Продолжая болтать, она провела меня через дом; я не успела ничего как следует рассмотреть, лишь отметила чистоту и старомодный, в рюшечках, уют. Воздух в комнатах был свежим, с примесью какой-то химической отдушки.
– Вы ведь не против, если я сначала повешу белье? – спросила хозяйка. – Это займет всего минуту, а потом я вам все покажу. Как, вы сказали, вас зовут?
Я ответила, не особо надеясь, что собеседница запомнит мое имя, и присовокупила к этому дежурный список вариантов, дабы облегчить ей задачу.
– О, слава труду! – старательно, со вкусом выговорила она. – Так это русское имя? Я была в России в семидесятые. Очень, очень красивая страна! И такая огромная: мы ехали на поезде из Москвы в Сибирь, и это заняло почти неделю. Было так интересно, хотя и не всегда понятно: почти никто не знал английского. А вы так хорошо говорите! Где вы учили язык?

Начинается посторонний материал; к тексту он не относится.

lemma sum_bij_betw_delta:
  fixes N :: nat
  assumes enc: "bij_betw enc {..<N} S" and t: "t \<in> S"
  shows "(\<Sum>j<N. if enc j = t then F j else 0) = F (inv_into {..<N} enc t)"
proof -
  have "enc j = t \<longleftrightarrow> j = inv_into {..<N} enc t" if "j < N" for j
    using enc t that by (metis bij_betw_imp_inj_on bij_betw_inv_into_right inv_into_f_f lessThan_iff)
  then have "(\<Sum>j<N. if enc j = t then F j else 0) = (\<Sum>j<N. if j = inv_into {..<N} enc t then F j else 0)"
    by (intro sum.cong) auto
  also have "\<dots> = F (inv_into {..<N} enc t)"
  proof -
    have "inv_into {..<N} enc t \<in> {..<N}"
      using enc t by (metis bij_betw_def inv_into_into)
    then show ?thesis by simp
  qed
  finally show ?thesis .
qed

text \<open>Basis vectors are indexed by a set \<open>S\<close> through the enumeration \<open>enc\<close>; the matrix sends the
  vector of \<open>s\<close> to \<open>l s\<close> times the vector of \<open>\<pi> s\<close>.\<close>
definition monomial_mat :: "(nat \<Rightarrow> 's) \<Rightarrow> ('s \<Rightarrow> 's) \<Rightarrow> ('s \<Rightarrow> 'k::field) \<Rightarrow> nat \<Rightarrow> nat \<Rightarrow> 'k"
  where "monomial_mat enc \<pi> l i j = (if enc i = \<pi> (enc j) then l (enc j) else 0)"

lemma monomial_mat_mult:
  fixes N :: nat
  assumes enc: "bij_betw enc {..<N} S" and "\<sigma> (enc k) \<in> S"
  shows "mat_comp {..<N} (monomial_mat enc \<pi> l) (monomial_mat enc \<sigma> m) i k
           = monomial_mat enc (\<pi> \<circ> \<sigma>) (\<lambda>s. l (\<sigma> s) * m s) i k"
proof -
  let ?t = "\<sigma> (enc k)"
  have "mat_comp {..<N} (monomial_mat enc \<pi> l) (monomial_mat enc \<sigma> m) i k
      = (\<Sum>j<N. if enc j = ?t then monomial_mat enc \<pi> l i j * m (enc k) else 0)"
    unfolding mat_comp_def by (intro sum.cong) (auto simp: monomial_mat_def)
  also have "\<dots> = monomial_mat enc \<pi> l i (inv_into {..<N} enc ?t) * m (enc k)"
    by (rule sum_bij_betw_delta[OF assms])
  also have "\<dots> = monomial_mat enc (\<pi> \<circ> \<sigma>) (\<lambda>s. l (\<sigma> s) * m s) i k"
    using assms by (simp add: monomial_mat_def bij_betw_inv_into_right)
  finally show ?thesis .
qed

lemma monomial_mat_eq_id:
  assumes "bij_betw enc {..<N} S" "i < N" "k < N" "\<pi> (enc k) = enc k" "l (enc k) = 1"
  shows "monomial_mat enc \<pi> l i k = (if i = k then 1 else 0)"
  using assms by (auto simp: monomial_mat_def bij_betw_def inj_on_def)

lemma is_eq_obj_monomial:
  fixes N :: nat and \<gamma> :: "'g \<Rightarrow> 'g \<Rightarrow> 'x \<Rightarrow> 'k::field"
  assumes G: "group G" and enc: "bij_betw enc {..<N} S"
    and p_closed: "\<And>h s. h \<in> carrier G \<Longrightarrow> s \<in> S \<Longrightarrow> p h s \<in> S"
    and p_one: "\<And>s. s \<in> S \<Longrightarrow> p \<one>\<^bsub>G\<^esub> s = s"
    and p_mult: "\<And>g h s. g \<in> carrier G \<Longrightarrow> h \<in> carrier G \<Longrightarrow> s \<in> S \<Longrightarrow>
                   p (g \<otimes>\<^bsub>G\<^esub> h) s = p g (p h s)"
    and \<delta>_closed: "\<And>s. s \<in> S \<Longrightarrow> \<delta> s \<in> carrier X"
    and \<delta>_equivariant: "\<And>h s. h \<in> carrier G \<Longrightarrow> s \<in> S \<Longrightarrow> \<delta> (p h s) = act h (\<delta> s)"
    and lam_nonzero: "\<And>h s. h \<in> carrier G \<Longrightarrow> s \<in> S \<Longrightarrow> lam h s \<noteq> 0"
    and lam_mult: "\<And>g h s. g \<in> carrier G \<Longrightarrow> h \<in> carrier G \<Longrightarrow> s \<in> S \<Longrightarrow>
                     lam (g \<otimes>\<^bsub>G\<^esub> h) s = lam g (p h s) * lam h s * \<gamma> g h (\<delta> s)"
  shows "is_eq_obj G X act \<gamma> ({..<N}, \<lambda>j. \<delta> (enc j), \<lambda>h. monomial_mat enc (p h) (lam h))"
proof -
  interpret group G by (rule G)
  let ?u = "\<lambda>h. monomial_mat enc (p h) (lam h)"
  let ?v = "\<lambda>h. monomial_mat enc (p (inv\<^bsub>G\<^esub> h)) (\<lambda>s. 1 / lam h (p (inv\<^bsub>G\<^esub> h) s))"
  have encS: "enc j \<in> S" if "j < N" for j
    using enc that by (auto simp: bij_betw_def)
  have p_inv: "p (inv\<^bsub>G\<^esub> h) (p h s) = s" "p h (p (inv\<^bsub>G\<^esub> h) s) = s" if "h \<in> carrier G" "s \<in> S" for h s
    using that p_mult[of "inv\<^bsub>G\<^esub> h" h s] p_mult[of h "inv\<^bsub>G\<^esub> h" s] by (simp_all add: p_one)
  have invertible: "\<exists>v. (\<forall>b'\<in>{..<N}. \<forall>b\<in>{..<N}. v b' b \<noteq> 0 \<longrightarrow> act h (\<delta> (enc b')) = \<delta> (enc b)) \<and>
      (\<forall>i\<in>{..<N}. \<forall>k\<in>{..<N}. mat_comp {..<N} v (?u h) i k = (if i = k then 1 else 0)) \<and>
      (\<forall>i\<in>{..<N}. \<forall>k\<in>{..<N}. mat_comp {..<N} (?u h) v i k = (if i = k then 1 else 0))"
    if h: "h \<in> carrier G" for h
  proof (intro exI conjI ballI impI)
    fix b' b assume b: "b \<in> {..<N}" and "?v h b' b \<noteq> 0"
    then have "enc b' = p (inv\<^bsub>G\<^esub> h) (enc b)"
      by (auto simp: monomial_mat_def split: if_splits)
    then show "act h (\<delta> (enc b')) = \<delta> (enc b)"
      using h b encS p_closed p_inv \<delta>_equivariant[of h "enc b'"] by simp
  next
    fix i k assume "i \<in> {..<N}" "k \<in> {..<N}"
    then show "mat_comp {..<N} (?v h) (?u h) i k = (if i = k then 1 else 0)"
      and "mat_comp {..<N} (?u h) (?v h) i k = (if i = k then 1 else 0)"
      using h encS p_closed p_inv lam_nonzero
      by (simp_all add: monomial_mat_mult[OF enc] monomial_mat_eq_id[OF enc])
  qed
  show ?thesis
    unfolding is_eq_obj_def prod.case
  proof (intro conjI ballI impI)
    fix g b' b assume "g \<in> carrier G" "b' \<in> {..<N}" "b \<in> {..<N}" "?u g b' b \<noteq> 0"
    then show "\<delta> (enc b') = act g (\<delta> (enc b))"
      using encS \<delta>_equivariant by (auto simp: monomial_mat_def split: if_splits)
  next
    fix g h b' b assume "g \<in> carrier G" "h \<in> carrier G" "b' \<in> {..<N}" "b \<in> {..<N}"
    then show "?u (g \<otimes>\<^bsub>G\<^esub> h) b' b = mat_comp {..<N} (?u g) (?u h) b' b * \<gamma> g h (\<delta> (enc b))"
      using encS p_closed p_mult lam_mult by (simp add: monomial_mat_mult[OF enc] monomial_mat_def)
  qed (use encS \<delta>_closed invertible in auto)
qed
lemma candidate_pair_extend_le:
  assumes pair: "candidate_pair f W A C" and "X \<subseteq> W" "T \<subseteq> C"
  shows "v (A \<union> T \<union> X) \<le> v A + v C + sum f X"
proof -
  have sets: "A \<union> T \<subseteq> N" "X \<subseteq> N" "(A \<union> T) \<inter> X = {}"
    using assms unfolding candidate_pair_def by auto
  have "(\<Sum>w\<in>X. marg v w (A \<union> T)) \<le> sum f X"
  proof (rule sum_mono)
    fix w assume "w \<in> X"
    have "marg v w (A \<union> T) \<le> marg v w A"
      using sets \<open>w \<in> X\<close> by (intro marg_antimono) auto
    with pair \<open>w \<in> X\<close> \<open>X \<subseteq> W\<close> show "marg v w (A \<union> T) \<le> f w"
      unfolding candidate_pair_def by fastforce
  qed
  then have "v (A \<union> T \<union> X) \<le> v (A \<union> T) + sum f X"
    using union_le_marg_sum[OF sets] by linarith
  moreover have "v (A \<union> T) \<le> v A + v C"
    using pair \<open>T \<subseteq> C\<close> unfolding candidate_pair_def absorbs_def by blast
  ultimately show ?thesis
    by linarith
qed

lemma candidate_pair_union_le:
  assumes "candidate_pair f W A C" and "X \<subseteq> W" "T1 \<subseteq> A" "T2 \<subseteq> C"
  shows "v (X \<union> T1 \<union> T2) \<le> 2 * (v A + v C) + 2 * sum f X"
proof -
  define P where "P = A \<union> T2 \<union> X"
  define Q where "Q = C \<union> T1 \<union> X"
  have "v P \<le> v A + v C + sum f X" "v Q \<le> v C + v A + sum f X"
    unfolding P_def Q_def using assms candidate_pair_commute
    by (blast intro: candidate_pair_extend_le)+
  moreover have "P \<subseteq> N" "Q \<subseteq> N" "P \<inter> Q = X \<union> T1 \<union> T2"
    using assms unfolding P_def Q_def candidate_pair_def by auto
  ultimately show ?thesis
    using union_inter_le[of P Q] v_nonneg[of "P \<union> Q"] by auto
qed

end

lemma rho_mono:
  assumes "1 \<le> alpha" "0 \<le> eps" "t \<le> t'"
  shows "rho eps alpha t \<le> rho eps alpha t'"
  unfolding rho_def using assms by (intro mult_left_mono power_increasing) auto

locale bfm_run = submodular_valuation "set order" v
  for order :: "'a list" and v :: "'a set \<Rightarrow> real" +
  fixes c :: "'a \<Rightarrow> real" and B alpha beta eps :: real
    and tie :: "nat \<Rightarrow> 'a set \<Rightarrow> 'a set \<Rightarrow> 'a \<Rightarrow> bool"
  assumes distinct_order: "distinct order"
    and cost_nonneg: "u \<in> set order \<Longrightarrow> 0 \<le> c u"
    and B_pos: "0 < B" and alpha_ge_1: "1 \<le> alpha" and beta_nonneg: "0 \<le> beta"
    and eps_pos: "0 < eps"
begin

definition valid_state :: "'a bfm_state \<Rightarrow> bool" where
  "valid_state s \<longleftrightarrow> Rs s \<subseteq> set order \<and> (\<forall>w\<in>Rs s. c w \<le> prc s w)
    \<and> ust s \<subseteq> set order \<and> (ust s = {} \<or> (\<exists>w. ust s = {w}))"

definition round_inv :: "real \<Rightarrow> 'a set \<Rightarrow> 'a bfm_state \<Rightarrow> bool" where
  "round_inv k R0 s \<longleftrightarrow> valid_state s \<and> Rs s \<subseteq> R0
    \<and> candidate_pair (\<lambda>w. k * c w) (R0 - Rs s) (S1 s) (S2 s)"
section \<open>Divisor counts\<close>

lemma odd_card_divisors_iff_square:
  fixes n :: nat
  assumes "n > 0"
  shows "odd (card {d. d dvd n}) \<longleftrightarrow> (\<exists>a. n = a ^ 2)"
proof -
  define D where "D = {d. d dvd n}"
  define Q where "Q = {d\<in>D. d ^ 2 = n}"
  have fin: "finite D"
    using assms by (simp add: D_def finite_divisors_nat)
  have pair: "n div d \<in> D - Q" "n div (n div d) = d" "n div d \<noteq> d"
    if "d \<in> D - Q" for d
    using that assms by (auto simp: D_def Q_def power2_eq_square elim!: dvdE)
  \<comment> \<open>d and n div d pair off the divisors in D - Q, so they cancel in characteristic 2\<close>
  have "(of_nat (card (D - Q)) :: 2) = (\<Sum>d\<in>D - Q. 1)"
    by simp
  also have "\<dots> = 0"
    by (rule sum_involution_eq_0[where h = "\<lambda>d. n div d"]) (use pair in auto)
  finally have "even (card (D - Q))"
    by (simp add: of_nat_eq_0_iff_char_dvd)
  moreover have "card D = card (D - Q) + card Q"
    using fin card_mono[OF fin] by (simp add: Q_def card_Diff_subset finite_subset subset_eq)
  moreover have "card Q = (if \<exists>a. n = a ^ 2 then 1 else 0)"
  proof (cases "\<exists>a. n = a ^ 2")
    case True
    then obtain a where "n = a ^ 2" by blast
    then have "Q = {a}"
      by (auto simp: Q_def D_def power2_eq_iff_nonneg)
    then show ?thesis using True by simp
  next
    case False
    then have "Q = {}"
      by (auto simp: Q_def)
    then show ?thesis using False by simp
  qed
  ultimately show ?thesis
    by (auto simp: D_def split: if_splits)
qed

lemma odd_card_scaled_divisors_iff:
  fixes j k :: nat
  assumes "j > 0"
  shows "odd (card {m. k * m dvd j}) \<longleftrightarrow> (\<exists>a. j = k * a ^ 2)"
proof (cases "k dvd j")
  case True
  then obtain q where q: "j = k * q" ..
  with assms have "k > 0" "q > 0" by auto
  then have "{m. k * m dvd j} = {m. m dvd q}"
    and "(\<exists>a. j = k * a ^ 2) \<longleftrightarrow> (\<exists>a. q = a ^ 2)"
    using q by auto
  then show ?thesis
    using odd_card_divisors_iff_square[OF \<open>q > 0\<close>] by simp
next
  case False
  then have "{m. k * m dvd j} = {}" "\<not> (\<exists>a. j = k * a ^ 2)"
    by (auto dest: dvd_mult_left)
  then show ?thesis
    by simp
qed

lemma ex_int_square_iff:
  "(\<exists>k::int. int n = int m * k ^ 2) \<longleftrightarrow> (\<exists>a::nat. n = m * a ^ 2)"
proof
  assume "\<exists>k::int. int n = int m * k ^ 2"
  then obtain k :: int where "int n = int m * k ^ 2" ..
  moreover have "int (m * nat \<bar>k\<bar> ^ 2) = int m * k ^ 2"
    by simp
  ultimately have "n = m * nat \<bar>k\<bar> ^ 2"
    by linarith
  then show "\<exists>a::nat. n = m * a ^ 2" ..
next
  assume "\<exists>a::nat. n = m * a ^ 2"
  then obtain a where "n = m * a ^ 2" ..
  then have "int n = int m * int a ^ 2"
    by simp
  then show "\<exists>k::int. int n = int m * k ^ 2" ..
qed

lemma square_eq_twice_square_imp_zero: "(a::nat) ^ 2 = 2 * b ^ 2 \<Longrightarrow> b = 0"
proof (induction a arbitrary: b rule: less_induct)
  case (less a)
  show "b = 0"
  proof (rule ccontr)
    assume "b \<noteq> 0"
    have "even a"
      using less.prems by (metis dvd_triv_left even_power)
    then obtain a' where a': "a = 2 * a'" ..
    with less.prems have "b ^ 2 = 2 * a' ^ 2"
      by (simp add: power_mult_distrib)
    have "b ^ 2 < a ^ 2"
      using less.prems \<open>b \<noteq> 0\<close> by simp
    then have "b < a"
      by (rule power_less_imp_less_base) simp
    from less.IH[OF this \<open>b ^ 2 = 2 * a' ^ 2\<close>] have "a' = 0" .
    then show False
      using a' less.prems \<open>b \<noteq> 0\<close> by simp
  qed
qed

section \<open>Euler products modulo 4\<close>

lemma prod_one_plus_two_eq:
  fixes g :: "'b \<Rightarrow> 'a::comm_ring_1"
  assumes "(4::'a) = 0"
  shows "(\<Prod>a\<in>A. 1 + 2 * g a) = 1 + 2 * sum g A"
proof (induction A rule: infinite_finite_induct)
  case (insert x A)
  have "(1 + 2 * g x) * (1 + 2 * sum g A) = 1 + 2 * (g x + sum g A) + 4 * (g x * sum g A)"
    by (simp add: algebra_simps)
  then show ?case
    using insert assms by simp
qed simp_all

lemma one_plus_two_power_eq:
  fixes x :: "'a::comm_ring_1"
  assumes "(4::'a) = 0"
  shows "(1 + 2 * x) ^ n = 1 + 2 * of_nat n * x"
  using prod_one_plus_two_eq[OF assms, of "\<lambda>_. x" "{..<n}"] by (simp add: mult.assoc)

lemma two_mult_of_nat_eq:
  fixes n :: nat
  assumes "(4::'a::comm_ring_1) = 0"
  shows "2 * (of_nat n :: 'a) = 2 * of_bool (odd n)"
proof -
  have "2 * n = 4 * (n div 2) + 2 * (n mod 2)"
    by presburger
  then have "2 * (of_nat n :: 'a) = 4 * of_nat (n div 2) + 2 * of_nat (n mod 2)"
    by (metis of_nat_add of_nat_mult of_nat_numeral)
  then show ?thesis
    using assms by (simp add: odd_iff_mod_2_eq_one)
qed
(* There exists a $(\circ,\wedge,\mathsf{A})$-algebra that is representable by partial functions and atomic, but has no atomic representation (equivalently, no complete representation) by partial functions. For instance, let the base be $\{p\}\sqcup\mathbb{N}_\infty$ with $\mathbb{N}_\infty=\mathbb{N}\cup\{\infty\}$, let $\mathcal{S}$ be the set of subsets of $\mathbb{N}_\infty$ that are either finite and omit $\infty$, or cofinite and contain $\infty$, and let $\mathfrak{F}$ consist of the identity functions restricted to $A\cup B$ with $A\subseteq\{p\}$, $B\in\mathcal{S}$, together with the function $f=\{(p,\infty)\}$. Then $\mathfrak{F}$ is closed under composition, intersection and antidomain, is atomic, and has no complete representation by partial functions.
   Context: A $(\circ,\wedge,\mathsf{A})$-algebra is a set with two binary operations $\circ,\wedge$ and one unary operation $\mathsf{A}$. An algebra of partial functions of this signature is a set of partial functions, with base $X$ the union of all their domains and ranges, closed under: composition $f\circ g=\{(x,z)\mid \exists y\,(x,y)\in f,(y,z)\in g\}$; intersection; antidomain $\mathsf{A}(f)=\{(x,x)\mid x\in X, x\notin\mathrm{dom}(f)\}$. A representation by partial functions is an isomorphism onto such an algebra. The order is $a\le b\iff a\wedge b=a$, with least element $0$. An atom is a minimal nonzero element; the algebra is atomic if every nonzero element is above an atom. A representation $\theta$ is atomic if whenever $(x,y)\in\theta(a)$ for some $a$, then $(x,y)\in\theta(b)$ for some atom $b$. It is complete if for every nonempty $S$ with $\bigwedge S$ existing, $\theta(\bigwedge S)=\bigcap\theta[S]$ (equivalently for joins and unions). *)

theory Defs
  imports Main
begin

definition base :: "('b \<times> 'b) set set \<Rightarrow> 'b set" where
  "base F = (\<Union>f\<in>F. Domain f \<union> Range f)"

definition antidom :: "'b set \<Rightarrow> ('b \<times> 'b) set \<Rightarrow> ('b \<times> 'b) set" where
  "antidom X f = {(x, x) | x. x \<in> X \<and> x \<notin> Domain f}"

definition pfun_alg :: "('b \<times> 'b) set set \<Rightarrow> bool" where
  "pfun_alg F \<longleftrightarrow> (\<forall>f\<in>F. single_valued f)
     \<and> (\<forall>f\<in>F. \<forall>g\<in>F. f O g \<in> F \<and> f \<inter> g \<in> F)
     \<and> (\<forall>f\<in>F. antidom (base F) f \<in> F)"
(* For every $n\ge0$, the map $\mathbf{Dyck}$ restricts to a bijection from the set of compacted binary trees of size $n$ onto the set of C-decorated Dyck paths of length $2n$ (i.e. C-decorated paths ending at $(n,n)$).
   Context: Binary trees are rooted plane trees in which each node is a leaf or an internal node with ordered left and right subtrees; size = number of internal nodes; postorder visits left subtree, right subtree, root. A relaxed binary tree $C$ of size $n$ is obtained from a binary tree $C_*$ with $n$ internal nodes (its spine) by keeping the left-most leaf and turning every other leaf $\ell$ into a pointer to a vertex (internal node or the left-most leaf) preceding $\ell$ in postorder; it is a DAG on the internal nodes and the left-most leaf, each internal node having a left/right out-edge to its child if that child is internal or the left-most leaf, and otherwise to the pointer's target. For a vertex $u$ let $B(u)$ be a single leaf if $u$ is the left-most leaf, and otherwise the binary tree with left/right subtrees $B(v),B(w)$ where $v,w$ are the left/right out-neighbours of $u$. $C$ is compacted if $B(u)\not\cong B(v)$ for all distinct vertices $u,v$. A horizontally decorated path is a lattice path from $(0,0)$ with steps $H=(1,0)$, $V=(0,1)$ in the region $0\le y\le x$, each $H$ step decorated by a number in $\{1,\dots,k+1\}$, $k$ its $y$-coordinate. The map $\mathbf{Dyck}$: label the internal nodes and the left-most leaf of $C_*$ in postorder by $1,\dots,n+1$. Define words recursively by $\mathbf{Path}(\text{leaf})=H$ and $\mathbf{Path}((T_1,T_2))=\mathbf{Path}(T_1)\mathbf{Path}(T_2)V$. The word $\mathbf{Path}(C_* )$ begins with the $H$ of the left-most leaf; removing it gives a path $P_0$ from $(0,0)$ to $(n,n)$ in $0\le y\le x$, whose $H$ steps correspond to the non-left-most leaves of $C_*$ (i.e. to pointers). Decorating each $H$ step of $P_0$ with the label of the vertex its pointer points to gives the horizontally decorated path $\mathbf{Dyck}(C)$. C-decorated paths: in a horizontally decorated path, give each $H$ step the label equal to its decoration and each $V$ step the label equal to its final $y$-coordinate plus one; write $\mathcal{L}(S)$ for the label of step $S$. To each $V$ step associate a pair $(v_1,v_2)$: $v_2=\mathcal{L}(S')$ where $S'$ is the step immediately before $V$; for $v_1$, draw the line of slope $1$ from the endpoint of $V$ in the south-west direction until it touches the path again, and let $S''$ be the last step before $V$ whose endpoint lies on this line; set $v_1=\mathcal{L}(S'')$, or $v_1=1$ if there is no such step. A C-decorated path is a horizontally decorated path such that for every occurrence of three consecutive steps $HHV$ whose two $H$ steps have decorations $h_1,h_2$, one has $(h_1,h_2)\ne(v_1,v_2)$ for every $V$ step preceding this occurrence. *)

theory Defs
  imports Main
begin

datatype btree = Leaf | Node btree btree

text \<open>size = number of internal nodes\<close>
fun internal :: "btree \<Rightarrow> nat" where
  "internal Leaf = 0"
| "internal (Node l r) = internal l + internal r + 1"

datatype letter = HL | VL

fun Path :: "btree \<Rightarrow> letter list" where
  "Path Leaf = [HL]"
| "Path (Node l r) = Path l @ Path r @ [VL]"

text \<open>A relaxed binary tree is a pair (spine, ps) where ps lists, for the non-left-most
leaves of the spine taken in postorder, the label of the vertex the pointer points to.
Vertices (left-most leaf and internal nodes) are labelled 1..n+1 in postorder.
ptr_ok scans the postorder word after the left-most leaf; c = number of labelled
vertices seen so far; a pointer leaf may point to any of these c vertices.\<close>

fun ptr_ok :: "letter list \<Rightarrow> nat list \<Rightarrow> nat \<Rightarrow> bool" where
  "ptr_ok [] ps c = (ps = [])"
| "ptr_ok (VL # w) ps c = ptr_ok w ps (Suc c)"
| "ptr_ok (HL # w) [] c = False"
| "ptr_ok (HL # w) (p # ps) c = (1 \<le> p \<and> p \<le> c \<and> ptr_ok w ps c)"

definition relaxed :: "btree \<Rightarrow> nat list \<Rightarrow> bool" where
  "relaxed t ps = ptr_ok (tl (Path t)) ps 1"

text \<open>Computation of the trees B(u): traverse the spine in postorder, maintaining the
list env of B(1),...,B(k) of the labelled vertices seen so far. The first leaf
(env empty) is the left-most leaf; every other leaf consumes the next pointer.\<close>

fun Bs :: "btree \<Rightarrow> nat list \<Rightarrow> btree list \<Rightarrow> btree \<times> nat list \<times> btree list" where
  "Bs Leaf ps env =
     (if env = [] then (Leaf, ps, [Leaf])
      else (case ps of [] \<Rightarrow> (Leaf, [], env) | p # ps' \<Rightarrow> (env ! (p - 1), ps', env)))"
| "Bs (Node l r) ps env =
     (let (bl, ps1, env1) = Bs l ps env;
          (br, ps2, env2) = Bs r ps1 env1
      in (Node bl br, ps2, env2 @ [Node bl br]))"

definition Bvals :: "btree \<Rightarrow> nat list \<Rightarrow> btree list" where
  "Bvals t ps = snd (snd (Bs t ps []))"

definition compacted :: "btree \<Rightarrow> nat list \<Rightarrow> bool" where
  "compacted t ps = distinct (Bvals t ps)"

datatype step = H nat | V

fun nH :: "step list \<Rightarrow> nat" where
  "nH [] = 0"
| "nH (H d # xs) = Suc (nH xs)"
| "nH (V # xs) = nH xs"

fun nV :: "step list \<Rightarrow> nat" where
  "nV [] = 0"
| "nV (H d # xs) = nV xs"
| "nV (V # xs) = Suc (nV xs)"

definition hdp :: "step list \<Rightarrow> bool" where
  "hdp xs = (\<forall>i < length xs.
      nV (take (Suc i) xs) \<le> nH (take (Suc i) xs) \<and>
      (\<forall>d. xs ! i = H d \<longrightarrow> 1 \<le> d \<and> d \<le> nV (take i xs) + 1))"

text \<open>Label of step i (0-based).\<close>
definition lab :: "step list \<Rightarrow> nat \<Rightarrow> nat" where
  "lab xs i = (case xs ! i of H d \<Rightarrow> d | V \<Rightarrow> nV (take (Suc i) xs) + 1)"

text \<open>x - y at the endpoint of step i: the endpoints on the slope-1 line through the
endpoint of step i are those with the same value.\<close>
definition diagv :: "step list \<Rightarrow> nat \<Rightarrow> int" where
  "diagv xs i = int (nH (take (Suc i) xs)) - int (nV (take (Suc i) xs))"

definition v2 :: "step list \<Rightarrow> nat \<Rightarrow> nat" where
  "v2 xs i = lab xs (i - 1)"

definition v1 :: "step list \<Rightarrow> nat \<Rightarrow> nat" where
  "v1 xs i = (if \<exists>j < i. diagv xs j = diagv xs i
              then lab xs (GREATEST j. j < i \<and> diagv xs j = diagv xs i)
              else 1)"

definition C_decorated :: "step list \<Rightarrow> bool" where
  "C_decorated xs = (hdp xs \<and>
     (\<forall>i j h1 h2. i < j \<and> j + 2 < length xs \<and> xs ! i = V \<and>
        xs ! j = H h1 \<and> xs ! (j + 1) = H h2 \<and> xs ! (j + 2) = V
        \<longrightarrow> (h1, h2) \<noteq> (v1 xs i, v2 xs i)))"

fun decorate :: "letter list \<Rightarrow> nat list \<Rightarrow> step list" where
  "decorate [] ps = []"
| "decorate (VL # w) ps = V # decorate w ps"
| "decorate (HL # w) [] = H 0 # decorate w []"
| "decorate (HL # w) (p # ps) = H p # decorate w ps"

definition Dyck :: "btree \<times> nat list \<Rightarrow> step list" where
  "Dyck C = decorate (tl (Path (fst C))) (snd C)"

end

theory Submission
  imports Defs
begin

text \<open>
  A relaxed tree is determined by its postorder word \<^const>\<open>Path\<close>, which can be parsed back
  with a stack, together with its pointers; the ballot property of the word and the range of the
  pointers are exactly the two conditions of a horizontally decorated path, so \<^const>\<open>Dyck\<close> is
  a bijection from relaxed trees of size n onto horizontally decorated Dyck paths.

  The values B(1), ..., B(n+1) are computed by reading the path with a stack: H d pushes B(d) and
  V replaces the two top entries l, r by the new vertex value Node l r. The stack entry at height p
  is the value of the last step ending on the diagonal x - y = p, so the vertex created by a V step
  is Node B(v1) B(v2). As every value is built from earlier ones, the values are pairwise distinct
  iff the pairs (v1, v2) of the V steps are. Finally, a V step that does not end an occurrence of
  HHV has a freshly created label in its pair, so only such occurrences can repeat an earlier pair,
  which is what the C-condition forbids.
\<close>

lemma count_Path: "count_list (Path t) HL = Suc (internal t)" "count_list (Path t) VL = internal t"
  by (induction t) auto

lemma Path_eq_HL_Cons_tl: "Path t = HL # tl (Path t)"
  by (induction t) (simp_all, metis append_Cons list.sel(3))

lemma count_take_Path_less:
  "0 < k \<Longrightarrow> count_list (take k (Path t)) VL < count_list (take k (Path t)) HL"
proof (induction t arbitrary: k)
  case Leaf
  then show ?case by (cases k) auto
next
  case (Node l r)
  show ?case
  proof (cases "k \<le> length (Path l)")
    case True
    then show ?thesis using Node by simp
  next
    case False
    define k' where "k' = k - length (Path l)"
    show ?thesis
    proof (cases "k' \<le> length (Path r)")
      case True
      have "0 < k'" using False unfolding k'_def by simp
      then show ?thesis
        using Node.IH(2)[of k'] count_Path[of l] True False unfolding k'_def by simp
    next
      case False
      then have "take k (Path (Node l r)) = Path (Node l r)" unfolding k'_def by simp
      then show ?thesis using count_Path[of "Node l r"] by simp
    qed
  qed
qed

definition ballot :: "letter list \<Rightarrow> bool" where
  "ballot w \<longleftrightarrow> (\<forall>k. count_list (take k w) VL \<le> count_list (take k w) HL)"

Всякий раз, когда меня спрашивали про английский, я начинала думать о музыке. Школьные уроки не в счет, на них я скучала, пролистав учебник еще в сентябре. А дома вынимала из папки драгоценные листы с узко набранными текстами. Нечеткие ксерокопии, сделанные прямо с обложек дисков, продавались в тесном подвальчике на Калининском; а на Горбушке можно было найти людей, которые скачивали слова песен из Интернета. Я тратила на них почти все свои карманные деньги, чтобы потом, включив проигрыватель, бежать взглядом по строчкам и отмечать радостно, как чужие звуки раскрываются, словно тугие бутоны, наполняясь смыслом. Английский долго не давался мне на слух – мозг как будто хотел защититься от банальностей про кровь и любовь, ненароком вплетенных в талантливую, умную музыку. Зато у меня никогда не было трудностей с произношением: красивый кембриджский выговор звучал как ангельское пение, и я научилась по-птичьи подражать ему, еще не понимая смысла.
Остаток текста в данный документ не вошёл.